I will not tell you here the end of the film, but I can assure you the end has to do with karma.
I never hurted my horse and she has never ever even tried to bite me. A neighbour of mine just got bit by his horse really badly. That horse was used to violence from his earlier owner.

The other day, while I was walking my dog as I usually do in the evenings, I saw a a beautiful white barn owl. It was quite and calm outside, the night was black except for the road lights that lightened up the way. The owl was sitting majestly on top of an electric cord, standing out as it was, huge and white, in the black night. I had an emotional boost, since it was one of the very few times in my life, and for sure the first time seeing a barn owl. I knew by seeing it transformation was on its way. Owls bare a rumor of being the symbol for change. So I felt. I find myself in a moment of life, undergoing different transformations. Seeing the owl was just an affirmation that I am walking in the right direction. All the changes I am living right now will benefit me in one way or another. I could sense I am having positive vibes. Attracting all kinds of animals lately should be a sign for that.

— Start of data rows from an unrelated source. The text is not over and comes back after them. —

lemma infsum_antisymmetric_part:
  fixes A N :: "'a \<times> 'a \<Rightarrow> 'b::real_normed_field"
  assumes finite: "finite {p. A p * N p \<noteq> 0}"
    and antisym: "\<And>p. N (prod.swap p) = - N p"
  shows "(\<Sum>\<^sub>\<infinity>p. (A p - A (prod.swap p)) / 2 * N p) = (\<Sum>\<^sub>\<infinity>p. A p * N p)"
proof -
  define g where "g p = A p * N p" for p
  have "(g has_sum (\<Sum>p | g p \<noteq> 0. g p)) UNIV"
    using finite unfolding g_def by (intro has_sum_finite_neutralI) auto
  then have g: "(g has_sum infsum g UNIV) UNIV"
    using has_sum_infsum summable_on_def by blast
  have "((\<lambda>p. g (prod.swap p)) has_sum infsum g UNIV) UNIV"
    using has_sum_reindex_bij_betw[of prod.swap UNIV UNIV g] g by simp
  then have "((\<lambda>p. (g p + g (prod.swap p)) / 2) has_sum (infsum g UNIV + infsum g UNIV) / 2) UNIV"
    using g by (intro has_sum_divide_const has_sum_add)
  moreover have "(A p - A (prod.swap p)) / 2 * N p = (g p + g (prod.swap p)) / 2" for p
    unfolding g_def antisym by (simp add: algebra_simps)
  ultimately show ?thesis
    unfolding g_def by (simp add: infsumI)
qed

definition hatB_coeff :: "(lpoly \<Rightarrow> lpoly) \<Rightarrow> int \<times> int \<Rightarrow> complex" where
  "hatB_coeff L p = 1/2 * (-1) ^ nat \<bar>fst p\<bar> * L (mono (snd p)) (- fst p)"

lemma hatB_eq_infsum: "hatB L w T = (\<Sum>\<^sub>\<infinity>p. hatB_coeff L p * nord (fst p) (snd p) w T)"
  by (simp add: hatB_def hatB_coeff_def)

lemma Dz_power: "(Dz ^^ m) f n = of_int n ^ m * f n"
  by (induction m arbitrary: n) (auto simp: Dz_def)

lemma neg_Dz_power: "((\<lambda>f n. - Dz f n) ^^ m) f n = (- of_int n) ^ m * f n"
  by (induction m arbitrary: n) (auto simp: Dz_def)

lemma zD_mono: "zD k m (mono j) n = of_int (n - k) ^ m * mono j (n - k)"
  by (simp add: zD_def zpow_def Dz_power)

Tonight is full moon. Full moon always makes me wonder about our connection to this earth, universe and existing as a whole. How come the cycle of the moon is just as long as the femal cycle? Every time I watch the moon, I always try to see if I can trace its face. Normally I always find the two eyes, the nose and...yes, its smiling mouth. It appears to me the moon is always smiling. I wonder why? Does life on earth look really funny from so far away? Are our day to day problems so small, if you look at them from a distance? I wonder if the moon would have the answer to all these questions.